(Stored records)

(* Let $X$ be an abelian metric group and let $f:X\to\mathbb{R}$ be a subadditive function. Suppose there exist a set $T\subset X$ and $k\in\mathbb{N}$ such that $f$ is bounded above on $T$ and the $k$-fold sum $\sum_{i=1}^k T=\{t_1+\dots+t_k: t_1,\dots,t_k\in T\}$ is shift-compact. Then $f$ is locally bounded at each point of $X$, i.e. every $x\in X$ has a neighbourhood on which $|f|$ is bounded.
   Context: An abelian metric group is an abelian topological group whose topology is given by an invariant metric. A function $f:X\to\mathbb{R}$ is subadditive if $f(x+y)\le f(x)+f(y)$ for all $x,y\in X$. A set $A\subset X$ is shift-compact if for every sequence $(x_n)_{n\in\mathbb{N}}$ tending to $0$ in $X$ there exists $x\in X$ such that the set $\{n\in\mathbb{N}: x+x_n\in A\}$ is infinite. *)

theory Defs
  imports "HOL-Analysis.Analysis"
begin

text \<open>An abelian metric group: an abelian group carrying a metric that is
  translation invariant (this makes addition and negation continuous, so the
  metric topology is a group topology).\<close>
definition invariant_metric :: "('a::{ab_group_add, metric_space}) itself \<Rightarrow> bool" where
  "invariant_metric _ \<longleftrightarrow> (\<forall>x y z::'a. dist (x + z) (y + z) = dist x y)"

definition subadditive :: "('a::ab_group_add \<Rightarrow> real) \<Rightarrow> bool" where
  "subadditive f \<longleftrightarrow> (\<forall>x y. f (x + y) \<le> f x + f y)"

definition shift_compact :: "('a::{ab_group_add, metric_space}) set \<Rightarrow> bool" where
  "shift_compact A \<longleftrightarrow>
     (\<forall>xs::nat \<Rightarrow> 'a. xs \<longlonglongrightarrow> 0 \<longrightarrow> (\<exists>x. infinite {n. x + xs n \<in> A}))"

definition ksum :: "nat \<Rightarrow> ('a::ab_group_add) set \<Rightarrow> 'a set" where
  "ksum k T = {sum_list ts | ts. length ts = k \<and> set ts \<subseteq> T}"

definition locally_bounded_at :: "('a::metric_space \<Rightarrow> real) \<Rightarrow> 'a \<Rightarrow> bool" where
  "locally_bounded_at f x \<longleftrightarrow> (\<exists>U. open U \<and> x \<in> U \<and> (\<exists>B. \<forall>y\<in>U. \<bar>f y\<bar> \<le> B))"

end

theory Submission
  imports Defs
begin

text \<open>Subadditivity bounds \<open>f\<close> above by \<open>k M\<close> on the \<open>k\<close>-fold sum of \<open>T\<close>. A subadditive
  function bounded above on a shift-compact set \<open>A\<close> is bounded above near \<open>0\<close>: otherwise
  some \<open>z\<^sub>n \<rightarrow> 0\<close> has \<open>f z\<^sub>n > n\<close>, and shift-compactness gives an \<open>x\<close> with \<open>x + z\<^sub>n \<in> A\<close>
  for infinitely many \<open>n\<close>, whereas \<open>f z\<^sub>n \<le> f (x + z\<^sub>n) + f (-x)\<close> stays bounded there.
  Local boundedness everywhere follows by translation, \<open>f (x + w) \<le> f x + f w\<close> and
  \<open>f x \<le> f (x + w) + f (-w)\<close>, since the invariant metric puts \<open>w\<close> and \<open>-w\<close> equally close
  to \<open>0\<close>.\<close>

lemma subadditive_sum_list_le:
  assumes "subadditive f" and "ts \<noteq> []"
  shows "f (sum_list ts) \<le> (\<Sum>t\<leftarrow>ts. f t)"
  using assms(2)
proof (induction ts)
  case Nil
  then show ?case by simp
next
  case (Cons a ts)
  show ?case
  proof (cases "ts = []")
    case True
    then show ?thesis by simp
  next
    case False
    have "f (a + sum_list ts) \<le> f a + f (sum_list ts)"
      using assms(1) unfolding subadditive_def by blast
    with Cons.IH[OF False] show ?thesis by simp
  qed
qed

lemma subadditive_bounded_above_ksum:
  assumes "subadditive f" and "k \<ge> 1" and "\<forall>t\<in>T. f t \<le> M"
  shows "\<forall>s\<in>ksum k T. f s \<le> real k * M"
proof
  fix s assume "s \<in> ksum k T"
  then obtain ts where ts: "s = sum_list ts" "length ts = k" "set ts \<subseteq> T"
    unfolding ksum_def by blast
  with assms(2) have "ts \<noteq> []" by auto
  have "f s \<le> (\<Sum>t\<leftarrow>ts. f t)"
    using subadditive_sum_list_le[OF assms(1) \<open>ts \<noteq> []\<close>] ts(1) by simp
  also have "\<dots> \<le> (\<Sum>t\<leftarrow>ts. M)"
    using ts(3) assms(3) by (intro sum_list_mono) auto
  also have "\<dots> = real k * M"
    using ts(2) by (simp add: sum_list_triv)
  finally show "f s \<le> real k * M" .
qed

lemma unbounded_above_near_imp_sequence:
  fixes f :: "'a::metric_space \<Rightarrow> real"
  assumes "\<not> (\<exists>\<delta>>0. \<exists>B. \<forall>y\<in>ball a \<delta>. f y \<le> B)"
  obtains z where "z \<longlonglongrightarrow> a" and "\<And>n. f (z n) > real n"
proof -
  have "\<forall>n. \<exists>z. dist a z < inverse (real (Suc n)) \<and> f z > real n"
    using assms by (metis mem_ball not_le of_nat_0_less_iff positive_imp_inverse_positive
        zero_less_Suc)
  then obtain z where z: "\<And>n. dist a (z n) < inverse (real (Suc n))" "\<And>n. f (z n) > real n"
    by metis
  have "(\<lambda>n. dist (z n) a) \<longlonglongrightarrow> 0"
    by (rule tendsto_sandwich[OF _ _ tendsto_const LIMSEQ_inverse_real_of_nat])
      (use z(1) in \<open>auto simp: dist_commute less_imp_le\<close>)
  then have "z \<longlonglongrightarrow> a"
    using tendsto_dist_iff by blast
  then show thesis using z(2) by (rule that)
qed

lemma subadditive_bounded_above_near_zero:
  assumes "subadditive f" and "shift_compact A" and "\<forall>s\<in>A. f s \<le> K"
  shows "\<exists>\<delta>>0. \<exists>B. \<forall>y\<in>ball 0 \<delta>. f y \<le> B"
proof (rule ccontr)
  assume "\<not> ?thesis"
  then obtain z where "z \<longlonglongrightarrow> 0" and z_large: "\<And>n. f (z n) > real n"
    using unbounded_above_near_imp_sequence by metis
  then obtain x where x: "infinite {n. x + z n \<in> A}"
    using assms(2) unfolding shift_compact_def by blast
  have "{n. x + z n \<in> A} \<subseteq> {..nat \<lceil>K + f (- x)\<rceil>}"
  proof
    fix n assume "n \<in> {n. x + z n \<in> A}"
    then have "f (x + z n) \<le> K" using assms(3) by blast
    moreover have "f (z n) \<le> f (x + z n) + f (- x)"
      using assms(1) unfolding subadditive_def by (metis add_diff_cancel_left' diff_conv_add_uminus)
    ultimately have "real n < K + f (- x)" using z_large[of n] by linarith
    then show "n \<in> {..nat \<lceil>K + f (- x)\<rceil>}" by simp linarith
  qed
  with x show False using finite_subset by blast
qed

lemma invariant_metric_dist_diff:
  fixes x y :: "'a::{ab_group_add, metric_space}"
  assumes "invariant_metric TYPE('a)"
  shows "dist (y - x) 0 = dist y x"
  using assms unfolding invariant_metric_def by (metis diff_add_cancel diff_self)

lemma subadditive_locally_bounded:
  fixes f :: "'a::{ab_group_add, metric_space} \<Rightarrow> real"
  assumes "invariant_metric TYPE('a)" and "subadditive f"
    and "\<delta> > 0" and B: "\<forall>y\<in>ball 0 \<delta>. f y \<le> B"
  shows "locally_bounded_at f x"
  unfolding locally_bounded_at_def
proof (intro exI conjI)
  show "open (ball x \<delta>)" and "x \<in> ball x \<delta>"
    using \<open>\<delta> > 0\<close> by simp_all
  show "\<forall>y\<in>ball x \<delta>. \<bar>f y\<bar> \<le> \<bar>f x\<bar> + \<bar>B\<bar>"
  proof
    fix y assume "y \<in> ball x \<delta>"
    define w where "w = y - x"
    have "dist 0 w < \<delta>"
      using \<open>y \<in> ball x \<delta>\<close> invariant_metric_dist_diff[OF assms(1)]
      by (simp add: w_def dist_commute)
    moreover have "dist 0 (- w) < \<delta>"
      using \<open>y \<in> ball x \<delta>\<close> invariant_metric_dist_diff[OF assms(1), of x y]
      by (simp add: w_def dist_commute)
    ultimately have "f w \<le> B" and "f (- w) \<le> B"
      using B by simp_all
    moreover have "f y \<le> f x + f w" and "f x \<le> f y + f (- w)"
      using assms(2) unfolding subadditive_def w_def by (metis add.commute diff_add_cancel,
          metis diff_add_cancel diff_conv_add_uminus add_diff_cancel_left')
    ultimately show "\<bar>f y\<bar> \<le> \<bar>f x\<bar> + \<bar>B\<bar>" by linarith
  qed
qed

theorem theorem2p2:
  fixes f :: "'a::{ab_group_add, metric_space} \<Rightarrow> real"
    and T :: "'a set" and k :: nat
  assumes "invariant_metric TYPE('a)"
    and "subadditive f"
    and "k \<ge> 1"
    and "\<exists>M. \<forall>t\<in>T. f t \<le> M"
    and "shift_compact (ksum k T)"
  shows "\<forall>x. locally_bounded_at f x"
proof
  fix x
  obtain M where "\<forall>t\<in>T. f t \<le> M" using assms(4) by blast
  then have "\<forall>s\<in>ksum k T. f s \<le> real k * M"
    using subadditive_bounded_above_ksum assms(2,3) by blast
  then obtain \<delta> B where "\<delta> > 0" "\<forall>y\<in>ball 0 \<delta>. f y \<le> B"
    using subadditive_bounded_above_near_zero assms(2,5) by blast
  then show "locally_bounded_at f x"
    using subadditive_locally_bounded assms(1,2) by blast
qed

end
lemma precond_objective_eq:
  assumes S: "transpose S = S" "same_projection M (S ** S)" and H: "H \<in> K" "pd H"
  shows "frob M (matrix_inv H) + trace H = trace ((S - H) ** matrix_inv H ** (S - H)) + 2 * trace S"
proof -
  let ?G = "matrix_inv H"
  have "?G \<in> K" "transpose ?G = ?G"
    using matrix_inv_mem[OF H] pd_matrix_inv(2)[OF H(2)] by (auto simp: pd_def)
  then have "frob M ?G = trace (S ** S ** ?G)"
    using S by (simp add: same_projection_def frob_eq_inner trace_matrix_mult_eq_inner matrix_transpose_mul)
  moreover have "H ** ?G = mat 1" "?G ** H = mat 1"
    using invertible_matrix_inv pd_matrix_inv(1)[OF H(2)] by auto
  ultimately show ?thesis by (simp add: trace_sandwich_inverse)
qed

end

locale preconditioner_set = matrix_algebra K for K :: "(real^'n^'n) set" +
  fixes Hs :: "(real^'n^'n) set"
  assumes Hs_eq: "Hs = {A. psd A} \<inter> K"
begin

lemma precond_pd_eqI:
  assumes S: "S \<in> K" "pd S" "same_projection M (S ** S)"
  shows "precond_pd Hs M = S"
proof -
  have St: "transpose S = S" using S(2) by (simp add: pd_def)
  define excess where "excess H = trace ((S - H) ** matrix_inv H ** (S - H))" for H
  have objective: "frob M (matrix_inv H) + trace H = excess H + 2 * trace S" if "H \<in> Hs" "pd H" for H
    using precond_objective_eq[OF St S(3)] that by (simp add: Hs_eq excess_def)
  have excess: "0 \<le> excess H" "excess H = 0 \<Longrightarrow> H = S" if "pd H" for H
    using trace_sandwich_pd[OF pd_matrix_inv(2)[OF that], of "S - H"] that St
    by (auto simp: excess_def transpose_diff pd_def)
  have "excess S = 0" by (simp add: excess_def)
  have "S \<in> Hs" using S by (simp add: Hs_eq pd_imp_psd)
  show ?thesis unfolding precond_pd_def
  proof (rule the_equality)
    show "S \<in> Hs \<and> pd S \<and> (\<forall>H\<in>Hs. pd H \<longrightarrow>
        frob M (matrix_inv S) + trace S \<le> frob M (matrix_inv H) + trace H)"
      using \<open>S \<in> Hs\<close> S(2) objective excess(1) \<open>excess S = 0\<close> by simp
  next
    fix H assume H: "H \<in> Hs \<and> pd H \<and> (\<forall>H'\<in>Hs. pd H' \<longrightarrow>
        frob M (matrix_inv H) + trace H \<le> frob M (matrix_inv H') + trace H')"
    then have "excess H \<le> 0"
      using \<open>S \<in> Hs\<close> S(2) objective \<open>excess S = 0\<close> by fastforce
    then show "H = S" using H excess by (simp add: order_antisym)
  qed
qed
lemma chet_mat_col_sum:
  fixes c b :: "nat \<Rightarrow> real"
  assumes n: "2 \<le> n" and b: "\<And>l. l \<le> n - 2 \<Longrightarrow> b l = 1 - r - (\<Sum>j<l. c j)"
    and b_sum: "(\<Sum>l<n. b l) = 1" and j: "j < n"
  shows "(\<Sum>i<n. chet_mat n r c b $$ (i,j)) = 1"
proof (cases "j = 0")
  case True
  have "(\<Sum>i<n. chet_mat n r c b $$ (i,j)) = (\<Sum>i<n. b i)"
    by (rule sum.cong) (use True n in \<open>auto simp: chet_mat_index chet_pattern_def\<close>)
  then show ?thesis using b_sum by simp
next
  case False
  have "(\<Sum>i<n. chet_mat n r c b $$ (i,j)) = (\<Sum>i<n. (if i = j - 1 then r else 0)
      + (if j \<le> i \<and> i < n - 1 then c (i - j) else 0) + (if i = n - 1 then b (n - 1 - j) else 0))"
    by (rule sum.cong) (use False j n in \<open>auto simp: chet_mat_index chet_pattern_def\<close>)
  also have "\<dots> = r + (\<Sum>i\<in>{j..<n-1}. c (i - j)) + b (n - 1 - j)"
  proof -
    have "(\<Sum>i<n. (if j \<le> i \<and> i < n - 1 then c (i - j) else 0)) = (\<Sum>i\<in>{j..<n-1}. c (i - j))"
      by (rule sum.mono_neutral_cong_right) (use j n in auto)
    then show ?thesis using j n by (simp add: sum.distrib sum.delta)
  qed
  also have "(\<Sum>i\<in>{j..<n-1}. c (i - j)) = (\<Sum>l<n-1-j. c l)"
  proof -
    have "(\<Sum>i\<in>{0+j..<(n-1-j)+j}. c (i - j)) = (\<Sum>i\<in>{0..<n-1-j}. c (i + j - j))"
      by (rule sum.shift_bounds_nat_ivl)
    moreover have "{0+j..<(n-1-j)+j} = {j..<n-1}" using j False by auto
    ultimately show ?thesis by (simp add: atLeast0LessThan)
  qed
  also have "b (n - 1 - j) = 1 - r - (\<Sum>l<n-1-j. c l)" using b[of "n - 1 - j"] False by auto
  finally show ?thesis by simp
qed

lemma chet_b_eq:
  assumes n: "2 \<le> n"
  shows "\<And>l. l \<le> n - 2 \<Longrightarrow> chet_b n l = 1 - chet_r n - (\<Sum>j<l. chet_c n j)"
    and "(\<Sum>l<n. chet_b n l) = 1"
proof -
  show "\<And>l. l \<le> n - 2 \<Longrightarrow> chet_b n l = 1 - chet_r n - (\<Sum>j<l. chet_c n j)"
    unfolding chet_b_def b_formula_def by auto
  have "{..<n} = insert (n - 1) {..n - 2}" using n by auto
  then have "(\<Sum>l<n. chet_b n l) = chet_b n (n - 1) + (\<Sum>l\<le>n - 2. chet_b n l)" using n by simp
  also have "(\<Sum>l\<le>n - 2. chet_b n l) = (\<Sum>l\<le>n - 2. b_formula (chet_r n) (chet_c n) l)"
    unfolding chet_b_def by auto
  also have "chet_b n (n - 1) = 1 - (\<Sum>l\<le>n - 2. b_formula (chet_r n) (chet_c n) l)"
    unfolding chet_b_def using n by auto
  finally show "(\<Sum>l<n. chet_b n l) = 1" by simp
qed

lemma chet_row_sum: "2 \<le> n \<Longrightarrow> i < n \<Longrightarrow> (\<Sum>j<n. chet n $$ (i,j)) = 1"
  unfolding chet_def by (rule chet_mat_row_sum) (use chet_b_eq in auto)

lemma chet_col_sum: "2 \<le> n \<Longrightarrow> j < n \<Longrightarrow> (\<Sum>i<n. chet n $$ (i,j)) = 1"
  unfolding chet_def by (rule chet_mat_col_sum) (use chet_b_eq in auto)

lemma unit_sum_hessenberg_chet:
  assumes n: "2 \<le> n"
  shows "unit_sum_hessenberg (map_mat complex_of_real (chet n)) n (complex_of_real (chet_r n))"
proof
  have C: "chet n \<in> carrier_mat n n" unfolding chet_def by simp
  have band: "upper_band (chet n) 1" unfolding chet_def by (rule chet_mat_upper_band)
  show "map_mat complex_of_real (chet n) \<in> carrier_mat n n" using C by simp
  show "upper_band (map_mat complex_of_real (chet n)) 1"
    using band C unfolding upper_band_def by simp
  show "map_mat complex_of_real (chet n) $$ (l, l + 1) = complex_of_real (chet_r n)" if "l + 1 < n" for l
    using that C chet_mat_superdiag[OF that] unfolding chet_def by simp
  show "complex_of_real (chet_r n) \<noteq> 0" using chet_r_pos[OF n] by simp
  show "(\<Sum>j<n. map_mat complex_of_real (chet n) $$ (i,j)) = 1" if "i < n" for i
    using that C chet_row_sum[OF n that] by (simp flip: of_real_sum)
  show "(\<Sum>i<n. map_mat complex_of_real (chet n) $$ (i,j)) = 1" if "j < n" for j
    using that C chet_col_sum[OF n that] by (simp flip: of_real_sum)
qed

lemma cspec_chet:
  assumes n: "2 \<le> n"
  shows "cspec (chet n) = add_mset 1 (replicate_mset (n - 1) 0)"
  unfolding cspec_def
proof (rule unit_sum_hessenberg_proots_char_poly[OF unit_sum_hessenberg_chet[OF n]])
  have C: "chet n \<in> carrier_mat n n" unfolding chet_def by simp
  show "of_nat n * complex_of_real (chet_r n) ^ (n - 1) = 1"
    using chet_r_pow[OF n] n by (simp flip: of_real_power)
  fix m assume m: "1 \<le> m" "m + 1 < n"
  have "map_mat complex_of_real (chet n) ^\<^sub>m m = map_mat complex_of_real (chet n ^\<^sub>m m)"
    by (rule of_real_hom.mat_hom_pow[OF C, symmetric])
  moreover have "mtrace (chet n ^\<^sub>m (m - 1 + 1)) = 1" by (rule mtrace_chet_pow) (use m in auto)
  ultimately show "mtrace (map_mat complex_of_real (chet n) ^\<^sub>m m) = 1"
    using C m unfolding mtrace_def by (simp flip: of_real_sum)
qed (use n in simp)

lemma spectral_gap_chet:
  assumes n: "2 \<le> n"
  shows "spectral_gap (chet n) = 1"
proof -
  have "lambda1 (chet n) = 1" unfolding lambda1_def cspec_chet[OF n] using n by simp
  moreover have "re_lambda2 (chet n) = 0" unfolding re_lambda2_def cspec_chet[OF n] calculation using n by simp
  ultimately show ?thesis unfolding spectral_gap_def by simp
qed

lemma chet_r_le_1: assumes n: "2 \<le> n" shows "chet_r n \<le> 1"
proof -
  have "n - 1 = Suc (n - 2)" using n by simp
  then have "chet_r n ^ Suc (n - 2) = 1 / real n" using chet_r_pow[OF n] by simp
  also have "\<dots> \<le> 1 ^ Suc (n - 2)" using n by simp
  finally show ?thesis by (rule power_le_imp_le_base) simp
qed

lemma one_plus_inverse_pow_le: assumes k: "2 \<le> k" shows "(1 + 1 / real k) ^ k \<le> real k + 1"
proof -
  have "(1 + 1 / real k) ^ k \<le> exp (1 / real k) ^ k"
    by (rule power_mono) (auto simp: exp_ge_add_one_self add.commute)
  also have "\<dots> = exp 1" using k by (simp flip: exp_of_nat_mult)
  also have "\<dots> \<le> 3" by (rule exp_le)
  finally show ?thesis using k by simp
qed
(* Suppose that for all integers $n\ge3$, $d\ge0$ and $j$ with $2\le j\le n-1$ one has \[ b_{n,d}(1,j)+b_{n,d}(j,1)=2\,p_{n,d}(1,j). \] Then for every $n\ge1$ and every $d$ with $0\le d\le\lfloor (n-1)/2\rfloor$, the number of ballot permutations of $[n]$ with exactly $d$ descents equals the number of odd order permutations of $[n]$ with cyclic weight $d$, i.e. $b_{n,d}=p_{n,d}$.
   Context: For a permutation $\pi=\pi_1\cdots\pi_n$ of $[n]$ (one-line notation), an ascent is a position $t$ with $\pi_t<\pi_{t+1}$ and a descent one with $\pi_t>\pi_{t+1}$; the height of a word is its number of ascents minus its number of descents. $\pi$ is a ballot permutation if every prefix $\pi_1\cdots\pi_t$ has nonnegative height. $\mathscr{B}_{n,d}$ is the set of ballot permutations of $[n]$ with exactly $d$ descents, $b_{n,d}=\lvert\mathscr{B}_{n,d}\rvert$, and $b_{n,d}(i,j)$ is the number of $\pi\in\mathscr{B}_{n,d}$ containing $i\,n\,j$ as a factor ($\pi_t=i,\pi_{t+1}=n,\pi_{t+2}=j$ for some $t$). A cycle $(c_1\cdots c_k)$ means $c_1\mapsto c_2\mapsto\cdots\mapsto c_k\mapsto c_1$; $\operatorname{cdes}(c)=\lvert\{t\in[k]:c_t>c_{t+1}\}\rvert$, $\operatorname{casc}(c)=\lvert\{t\in[k]:c_t<c_{t+1}\}\rvert$ with $c_{k+1}=c_1$; the cyclic weight of a cycle is $\min(\operatorname{cdes}(c),\operatorname{casc}(c))$ and that of a permutation is the sum over its cycles. An odd order permutation has all cycles of odd length. $\mathscr{P}_{n,d}$ is the set of odd order permutations of $[n]$ with cyclic weight $d$, $p_{n,d}=\lvert\mathscr{P}_{n,d}\rvert$, and $p_{n,d}(i,j)$ is the number of $\pi\in\mathscr{P}_{n,d}$ with $\pi(i)=n$ and $\pi(n)=j$ (i.e. containing $i\,n\,j$ as a cyclic factor). *)

theory Defs
  imports "HOL-Combinatorics.Combinatorics"
begin

(* One-line notation: a permutation of [n] is a list in permutations_of_set {1..n}.
   Positions are 0-based internally. *)

definition asc :: "nat list \<Rightarrow> nat" where
  "asc w = card {t. Suc t < length w \<and> w ! t < w ! Suc t}"

definition des :: "nat list \<Rightarrow> nat" where
  "des w = card {t. Suc t < length w \<and> w ! t > w ! Suc t}"

definition height :: "nat list \<Rightarrow> int" where
  "height w = int (asc w) - int (des w)"

definition ballot :: "nat list \<Rightarrow> bool" where
  "ballot w \<longleftrightarrow> (\<forall>t \<le> length w. height (take t w) \<ge> 0)"

definition ballot_perms :: "nat \<Rightarrow> nat \<Rightarrow> nat list set" where
  "ballot_perms n d = {w \<in> permutations_of_set {1..n}. ballot w \<and> des w = d}"

definition b :: "nat \<Rightarrow> nat \<Rightarrow> nat" where
  "b n d = card (ballot_perms n d)"

definition b_factor :: "nat \<Rightarrow> nat \<Rightarrow> nat \<Rightarrow> nat \<Rightarrow> nat" where
  "b_factor n d i j = card {w \<in> ballot_perms n d.
      \<exists>t. t + 2 < length w \<and> w ! t = i \<and> w ! (t+1) = n \<and> w ! (t+2) = j}"

definition cycle_of :: "(nat \<Rightarrow> nat) \<Rightarrow> nat \<Rightarrow> nat set" where
  "cycle_of \<sigma> x = {(\<sigma> ^^ k) x | k. True}"

definition cycles :: "nat \<Rightarrow> (nat \<Rightarrow> nat) \<Rightarrow> nat set set" where
  "cycles n \<sigma> = cycle_of \<sigma> ` {1..n}"

(* cyclic descents / ascents of a cycle C of sigma: positions t with c_t > c_{t+1} = sigma c_t *)
definition cdes :: "(nat \<Rightarrow> nat) \<Rightarrow> nat set \<Rightarrow> nat" where
  "cdes \<sigma> C = card {y \<in> C. y > \<sigma> y}"

definition casc :: "(nat \<Rightarrow> nat) \<Rightarrow> nat set \<Rightarrow> nat" where
  "casc \<sigma> C = card {y \<in> C. y < \<sigma> y}"

definition cyclic_weight :: "nat \<Rightarrow> (nat \<Rightarrow> nat) \<Rightarrow> nat" where
  "cyclic_weight n \<sigma> = (\<Sum>C \<in> cycles n \<sigma>. min (cdes \<sigma> C) (casc \<sigma> C))"

definition odd_order :: "nat \<Rightarrow> (nat \<Rightarrow> nat) \<Rightarrow> bool" where
  "odd_order n \<sigma> \<longleftrightarrow> (\<forall>C \<in> cycles n \<sigma>. odd (card C))"

definition odd_perms :: "nat \<Rightarrow> nat \<Rightarrow> (nat \<Rightarrow> nat) set" where
  "odd_perms n d = {\<sigma>. \<sigma> permutes {1..n} \<and> odd_order n \<sigma> \<and> cyclic_weight n \<sigma> = d}"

Exercise goal:
Could you write out, exactly as they stand, only the lines above that begin at the line with "l) = (\<Sum>l\<le>n" and stop after the line with "unfolding chet_b_def using n by auto"?

Your solution:
  also have "(\<Sum>l\<le>n - 2. chet_b n l) = (\<Sum>l\<le>n - 2. b_formula (chet_r n) (chet_c n) l)"
    unfolding chet_b_def by auto
  also have "chet_b n (n - 1) = 1 - (\<Sum>l\<le>n - 2. b_formula (chet_r n) (chet_c n) l)"
    unfolding chet_b_def using n by auto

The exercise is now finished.